Connectivity to Confluent Cloud public Kafka clusters

Using an OpenSearch Ingestion pipeline with Confluent Cloud Kafka

You can use an OpenSearch Ingestion pipeline to stream data from Confluent Cloud Kafka clusters to Amazon OpenSearch Service domains and OpenSearch Serverless collections. OpenSearch Ingestion supports both public and private network configurations for the streaming of data from Confluent Cloud Kafka clusters to domains or collections managed by OpenSearch Service or OpenSearch Serverless.

Connectivity to Confluent Cloud public Kafka clusters

You can use OpenSearch Ingestion pipelines to migrate data from a Confluent Cloud Kafka cluster with a public configuration, which means that the domain DNS name can be publicly resolved. To do so, set up an OpenSearch Ingestion pipeline with Confluent Cloud public Kafka cluster as the source and OpenSearch Service or OpenSearch Serverless as the destination. This processes your streaming data from a self-managed source cluster to an Amazon-managed destination domain or collection.

Prerequisites

Before you create your OpenSearch Ingestion pipeline, perform the following steps:

Create a Confluent Cloud Kafka clusters cluster acting as a source. The cluster should contain the data you want to ingest into OpenSearch Service.
Create an OpenSearch Service domain or OpenSearch Serverless collection where you want to migrate data to. For more information, see Creating OpenSearch Service domains and Creating collections.
Set up authentication on your Confluent Cloud Kafka cluster with Amazon Secrets Manager. Enable secrets rotation by following the steps in Rotate Amazon Secrets Manager secrets.
Attach a resource-based policy to your domain or a data access policy to your collection. These access policies allow OpenSearch Ingestion to write data from your self-managed cluster to your domain or collection.

The following sample domain access policy allows the pipeline role, which you create in the next step, to write data to a domain. Make sure that you update the resource with your own ARN.
JSON
{ "Version": "2012-10-17", "Statement": [ { "Effect": "Allow", "Principal": { "AWS": "arn:aws:iam::pipeline-account-id:role/pipeline-role" }, "Action": [ "es:DescribeDomain", "es:ESHttp*" ], "Resource": [ "arn:aws:es:region:account-id:domain/domain-name" ] } ] }
To create an IAM role with the correct permissions to access write data to the collection or domain, see Setting up roles and users in Amazon OpenSearch Ingestion.

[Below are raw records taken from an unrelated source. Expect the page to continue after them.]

lemma rank_nullity_subspace:
  assumes lin: "Vector_Spaces.linear scale scale f" and S: "subspace S"
  shows "dim S = dim (S \<inter> {x. f x = 0}) + dim (f ` S)"
proof -
  interpret f: Vector_Spaces.linear scale scale f by (rule lin)
  obtain B0 where B0: "B0 \<subseteq> S \<inter> {x. f x = 0}" "independent B0"
      "S \<inter> {x. f x = 0} \<subseteq> span B0" "card B0 = dim (S \<inter> {x. f x = 0})"
    using basis_exists by blast
  obtain B where B: "B0 \<subseteq> B" "B \<subseteq> S" "independent B" "S \<subseteq> span B"
    using maximal_independent_subset_extend[of B0 S] B0 by blast
  define B1 where "B1 = B - B0"
  have "finite B" using B(3) finiteI_independent by blast
  have B_split: "B = B0 \<union> B1" "B0 \<inter> B1 = {}" using B(1) by (auto simp: B1_def)
  have card_B: "card B = card B0 + card B1"
    using B_split \<open>finite B\<close> by (simp add: card_Un_disjoint)
  have span_B: "span B = S" using B S span_minimal span_subspace by blast
  have B1_indep: "independent B1" using B(3) independent_mono by (auto simp: B1_def)
  have span_B0_B1: "span B0 \<inter> span B1 \<subseteq> {0}"
  proof -
    have "dim {x + y |x y. x \<in> span B0 \<and> y \<in> span B1} + dim (span B0 \<inter> span B1)
        = dim (span B0) + dim (span B1)"
      by (rule dim_sums_Int[OF subspace_span subspace_span])
    then show ?thesis
      using card_B B_split(1) B0(2) B1_indep B(3)
      by (simp add: span_Un[symmetric] dim_eq_card_independent)
  qed
  have "span B1 \<subseteq> S" using span_B B_split span_mono by blast
  then have inj: "inj_on f (span B1)"
    unfolding f.inj_on_iff_eq_0[OF subspace_span] using B0(3) span_B0_B1 by blast
  have kernel: "span B0 \<subseteq> {x. f x = 0}"
    using B0(1) span_minimal f.subspace_kernel by blast
  have "f ` S = f ` span B1"
  proof
    show "f ` span B1 \<subseteq> f ` S" using \<open>span B1 \<subseteq> S\<close> by blast
    show "f ` S \<subseteq> f ` span B1"
    proof
      fix z assume "z \<in> f ` S"
      then obtain a b where ab: "a \<in> span B0" "b \<in> span B1" "z = f (a + b)"
        using span_B B_split span_Un by auto
      then have "z = f b" using kernel f.add by auto
      then show "z \<in> f ` span B1" using ab by blast
    qed
  qed
  then have "dim (f ` S) = card (f ` B1)"
    using dim_eq_card_independent f.independent_injective_image[OF B1_indep inj]
    by (simp add: f.span_image[symmetric])
  also have "\<dots> = card B1" using inj span_superset by (metis card_image inj_on_subset)
  finally show ?thesis using B0(4) card_B basis_card_eq_dim[OF B(2,4,3)] by simp
qed

lemma exists_subspace_dim_between:
  assumes "subspace U" and "subspace W" and "U \<subseteq> W" and "dim U \<le> n" and "n \<le> dim W"
  obtains V where "subspace V" "U \<subseteq> V" "V \<subseteq> W" "dim V = n"
proof -
  obtain BU where BU: "BU \<subseteq> U" "independent BU" "U \<subseteq> span BU" "card BU = dim U"
    using basis_exists by blast
  obtain BW where BW: "BU \<subseteq> BW" "BW \<subseteq> W" "independent BW" "W \<subseteq> span BW"
    using maximal_independent_subset_extend[of BU W] BU \<open>U \<subseteq> W\<close> by blast
  have "finite BW" using BW(3) finiteI_independent by blast
  have "card BW = dim W" using basis_card_eq_dim BW by blast
  then have "n - dim U \<le> card (BW - BU)"
    using BU(4) BW(1) \<open>finite BW\<close> \<open>n \<le> dim W\<close> by (simp add: card_Diff_subset finite_subset)
  then obtain X where X: "X \<subseteq> BW - BU" "card X = n - dim U"
    by (rule obtain_subset_with_card_n)
  have "BU \<union> X \<subseteq> BW" using BW(1) X(1) by blast
  then have indep: "independent (BU \<union> X)" using BW(3) independent_mono by blast
  have "card (BU \<union> X) = n"
    using X BU(4) \<open>dim U \<le> n\<close> \<open>finite BW\<close> BW(1)
    by (subst card_Un_disjoint) (auto intro: finite_subset)
  show thesis
  proof (rule that[of "span (BU \<union> X)"])
    show "U \<subseteq> span (BU \<union> X)" using BU(3) span_mono by blast
    show "span (BU \<union> X) \<subseteq> W"
      using \<open>BU \<union> X \<subseteq> BW\<close> BW(2) \<open>subspace W\<close> span_minimal by blast
    show "dim (span (BU \<union> X)) = n"
      using dim_span_eq_card_independent[OF indep] \<open>card (BU \<union> X) = n\<close> by simp
  qed (rule subspace_span)
qed

lemma dim_sum_image_add_dim_preimage:
  assumes lin: "Vector_Spaces.linear scale scale T" and "subspace A" and "subspace C"
  shows "dim {x + y |x y. x \<in> A \<and> y \<in> T ` C} + dim (C \<inter> T -` A) = dim A + dim C"
proof -
  interpret T: Vector_Spaces.linear scale scale T by (rule lin)
  have "subspace (T ` C)" using T.subspace_image \<open>subspace C\<close> by blast
  have "subspace (C \<inter> T -` A)"
    using \<open>subspace A\<close> \<open>subspace C\<close> T.subspace_linear_preimage subspace_inter
    by (simp add: vimage_def)
  have "C \<inter> T -` A \<inter> {x. T x = 0} = C \<inter> {x. T x = 0}"
    using subspace_0[OF \<open>subspace A\<close>] by auto
  moreover have "T ` (C \<inter> T -` A) = A \<inter> T ` C" by auto
  ultimately have "dim (C \<inter> T -` A) = dim (C \<inter> {x. T x = 0}) + dim (A \<inter> T ` C)"
    using rank_nullity_subspace[OF lin \<open>subspace (C \<inter> T -` A)\<close>] by simp
  moreover have "dim C = dim (C \<inter> {x. T x = 0}) + dim (T ` C)"
    by (rule rank_nullity_subspace[OF lin \<open>subspace C\<close>])
  moreover have "dim {x + y |x y. x \<in> A \<and> y \<in> T ` C} + dim (A \<inter> T ` C) = dim A + dim (T ` C)"
    by (rule dim_sums_Int[OF \<open>subspace A\<close> \<open>subspace (T ` C)\<close>])
  ultimately show ?thesis by linarith
qed

lemma exchange_middle_subspace:
  assumes lin: "Vector_Spaces.linear scale scale T"
    and "subspace A" "subspace M" "subspace C" "A \<subseteq> M" "M \<subseteq> C" "T ` C \<subseteq> M" "T ` M \<subseteq> A"
  obtains M' where "subspace M'" "A \<subseteq> M'" "M' \<subseteq> C" "T ` C \<subseteq> M'" "T ` M' \<subseteq> A"
    "dim M' + dim M = dim A + dim C"
proof -
  interpret T: Vector_Spaces.linear scale scale T by (rule lin)
  define U where "U = {x + y |x y. x \<in> A \<and> y \<in> T ` C}"
  define K where "K = C \<inter> T -` A"
  have "subspace U"
    unfolding U_def using subspace_sums \<open>subspace A\<close> \<open>subspace C\<close> T.subspace_image by blast
  have "subspace K"
    unfolding K_def using \<open>subspace A\<close> \<open>subspace C\<close> T.subspace_linear_preimage subspace_inter
    by (simp add: vimage_def)
  have "0 \<in> A" "0 \<in> T ` C"
    using subspace_0[OF \<open>subspace A\<close>] subspace_0[OF \<open>subspace C\<close>] T.zero by force+
  then have "A \<subseteq> U" "T ` C \<subseteq> U"
    unfolding U_def by (blast intro: add.right_neutral[symmetric] add.left_neutral[symmetric])+
  have "U \<subseteq> M"
    unfolding U_def using \<open>A \<subseteq> M\<close> \<open>T ` C \<subseteq> M\<close> subspace_add \<open>subspace M\<close> by blast
  have "M \<subseteq> K" unfolding K_def using \<open>M \<subseteq> C\<close> \<open>T ` M \<subseteq> A\<close> by blast
  have "dim U + dim K = dim A + dim C"
    unfolding U_def K_def by (rule dim_sum_image_add_dim_preimage[OF lin \<open>subspace A\<close> \<open>subspace C\<close>])
  moreover have "dim U \<le> dim M" "dim M \<le> dim K" "dim M \<le> dim C"
    using \<open>U \<subseteq> M\<close> \<open>M \<subseteq> K\<close> \<open>M \<subseteq> C\<close> dim_subset by auto
  ultimately have "dim U \<le> dim A + dim C - dim M" "dim A + dim C - dim M \<le> dim K"
    by linarith+
  then obtain M' where M': "subspace M'" "U \<subseteq> M'" "M' \<subseteq> K" "dim M' = dim A + dim C - dim M"
    using exists_subspace_dim_between[OF \<open>subspace U\<close> \<open>subspace K\<close> order_trans[OF \<open>U \<subseteq> M\<close> \<open>M \<subseteq> K\<close>]]
    by blast
  show thesis
    using M' \<open>A \<subseteq> U\<close> \<open>T ` C \<subseteq> U\<close> \<open>dim M \<le> dim C\<close>
    by (intro that[of M']) (auto simp: K_def)
qed

lemma PR_datum_swap_adjacent:
  assumes "PR_datum scale T e d Mf" and "1 \<le> i" and "i < e"
    and M': "subspace M'" "Mf (i - 1) \<subseteq> M'" "M' \<subseteq> Mf (Suc i)"
      "T ` Mf (Suc i) \<subseteq> M'" "T ` M' \<subseteq> Mf (i - 1)"
      "dim M' + dim (Mf i) = dim (Mf (i - 1)) + dim (Mf (Suc i))"
  shows "PR_datum scale T e (d \<circ> transpose i (Suc i)) (Mf(i := M'))"
proof -
  from \<open>PR_datum scale T e d Mf\<close>
  have Mf: "Mf 0 = {0}" "Mf e = UNIV" "\<And>j. j \<le> e \<Longrightarrow> subspace (Mf j)"
    and step: "\<And>j. j \<in> {1..e} \<Longrightarrow>
      Mf (j - 1) \<subseteq> Mf j \<and> T ` Mf j \<subseteq> Mf (j - 1) \<and> dim (Mf j) = dim (Mf (j - 1)) + d j"
    by (auto simp: PR_datum_def)
  have "dim (Mf i) = dim (Mf (i - 1)) + d i" "dim (Mf (Suc i)) = dim (Mf i) + d (Suc i)"
    using step[of i] step[of "Suc i"] \<open>1 \<le> i\<close> \<open>i < e\<close> by auto
  define Mf' where "Mf' = Mf(i := M')"
  have Mf'_step: "Mf' (j - 1) \<subseteq> Mf' j \<and> T ` Mf' j \<subseteq> Mf' (j - 1) \<and>
      dim (Mf' j) = dim (Mf' (j - 1)) + d (transpose i (Suc i) j)" if "j \<in> {1..e}" for j
  proof -
    consider "j = i" | "j = Suc i" | "j \<noteq> i" "j - 1 \<noteq> i" by linarith
    then show ?thesis
    proof cases
      case 1
      have "Mf' (j - 1) = Mf (i - 1)" "Mf' j = M'" using 1 \<open>1 \<le> i\<close> by (auto simp: Mf'_def)
      moreover have "dim M' = dim (Mf (i - 1)) + d (Suc i)"
        using M'(6) \<open>dim (Mf i) = _\<close> \<open>dim (Mf (Suc i)) = _\<close> by linarith
      ultimately show ?thesis using 1 M'(2,5) by simp
    next
      case 2
      have "Mf' (j - 1) = M'" "Mf' j = Mf (Suc i)" using 2 by (simp_all add: Mf'_def)
      moreover have "dim (Mf (Suc i)) = dim M' + d i"
        using M'(6) \<open>dim (Mf i) = _\<close> \<open>dim (Mf (Suc i)) = _\<close> by linarith
      ultimately show ?thesis using 2 M'(3,4) by simp
    next
      case 3
      then have "Mf' (j - 1) = Mf (j - 1)" "Mf' j = Mf j" by (simp_all add: Mf'_def)
      then show ?thesis using 3 step[OF that] by simp
    qed
  qed
  show ?thesis
    unfolding PR_datum_def Mf'_def[symmetric]
  proof (intro conjI)
    show "Mf' 0 = {0}" using Mf(1) \<open>1 \<le> i\<close> by (simp add: Mf'_def)
    show "Mf' e = UNIV" using Mf(2) \<open>i < e\<close> by (simp add: Mf'_def)
    show "\<forall>j\<le>e. subspace (Mf' j)" using Mf(3) M'(1) by (simp add: Mf'_def)
  qed (use Mf'_step in simp)
qed

lemma has_PR_datum_swap_adjacent:
  assumes lin: "Vector_Spaces.linear scale scale T"
    and "has_PR_datum scale T e d" and "1 \<le> i" and "i < e"
  shows "has_PR_datum scale T e (d \<circ> transpose i (Suc i))"
proof -
  obtain Mf where Mf: "PR_datum scale T e d Mf"
    using \<open>has_PR_datum scale T e d\<close> by (auto simp: has_PR_datum_def)
  then have step: "Mf (j - 1) \<subseteq> Mf j \<and> T ` Mf j \<subseteq> Mf (j - 1)" if "j \<in> {1..e}" for j
    using that by (simp add: PR_datum_def)
  have "Mf (i - 1) \<subseteq> Mf i" "T ` Mf i \<subseteq> Mf (i - 1)"
    "Mf i \<subseteq> Mf (Suc i)" "T ` Mf (Suc i) \<subseteq> Mf i"
    "subspace (Mf (i - 1))" "subspace (Mf i)" "subspace (Mf (Suc i))"
    using step[of i] step[of "Suc i"] Mf \<open>1 \<le> i\<close> \<open>i < e\<close> by (auto simp: PR_datum_def)
  then obtain M' where "subspace M'" "Mf (i - 1) \<subseteq> M'" "M' \<subseteq> Mf (Suc i)"
      "T ` Mf (Suc i) \<subseteq> M'" "T ` M' \<subseteq> Mf (i - 1)"
      "dim M' + dim (Mf i) = dim (Mf (i - 1)) + dim (Mf (Suc i))"
    using exchange_middle_subspace[OF lin] by metis
  then have "PR_datum scale T e (d \<circ> transpose i (Suc i)) (Mf(i := M'))"
    using PR_datum_swap_adjacent[OF Mf \<open>1 \<le> i\<close> \<open>i < e\<close>] by blast
  then show ?thesis by (auto simp: has_PR_datum_def)
qed

end

lemma comp_transpose_closed_if_adjacent:
  assumes adjacent: "\<And>d i. 1 \<le> i \<Longrightarrow> i < n \<Longrightarrow> Q d \<Longrightarrow> Q (d \<circ> transpose i (Suc i))"
    and "a \<in> {1..n}" and "b \<in> {1..n}" and "Q d"
  shows "Q (d \<circ> transpose a b)"
proof -
  have closed_le: "\<forall>d. Q d \<longrightarrow> Q (d \<circ> transpose a b)" if "1 \<le> a" "a \<le> b" "b \<le> n" for a b
    using that(2,3)
  proof (induction b rule: dec_induct)
    case base
    show ?case by simp
  next
    case (step b)
    have "transpose a (Suc b) = transpose a b \<circ> transpose b (Suc b) \<circ> transpose a b"
      using step.hyps(1) by (simp add: transpose_comp_triple)
    show ?case
    proof (intro allI impI)
      fix d assume "Q d"
      have IH: "\<forall>d. Q d \<longrightarrow> Q (d \<circ> transpose a b)"
        using step.IH step.prems Suc_leD by blast
      have "1 \<le> b" "b < n" using step.hyps(1) step.prems \<open>1 \<le> a\<close> by auto
      then have "Q (d \<circ> transpose a b \<circ> transpose b (Suc b) \<circ> transpose a b)"
        using IH adjacent[of b] \<open>Q d\<close> by blast
      then show "Q (d \<circ> transpose a (Suc b))"
        unfolding \<open>transpose a (Suc b) = _\<close> by (simp only: comp_assoc)
    qed
  qed
  show ?thesis
  proof (cases "a \<le> b")
    case True
    then show ?thesis using closed_le assms(2-4) by auto
  next
    case False
    then have "Q (d \<circ> transpose b a)" using closed_le[of b a] assms(2-4) by auto
    then show ?thesis by (simp only: transpose_commute)
  qed
qed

Step 1: Configure the pipeline role

After you have your Confluent Cloud Kafka cluster pipeline prerequisites set up, configure the pipeline role that you want to use in your pipeline configuration, and add permission to write to an OpenSearch Service domain or OpenSearch Serverless collection, as well as permission to read secrets from Secrets Manager.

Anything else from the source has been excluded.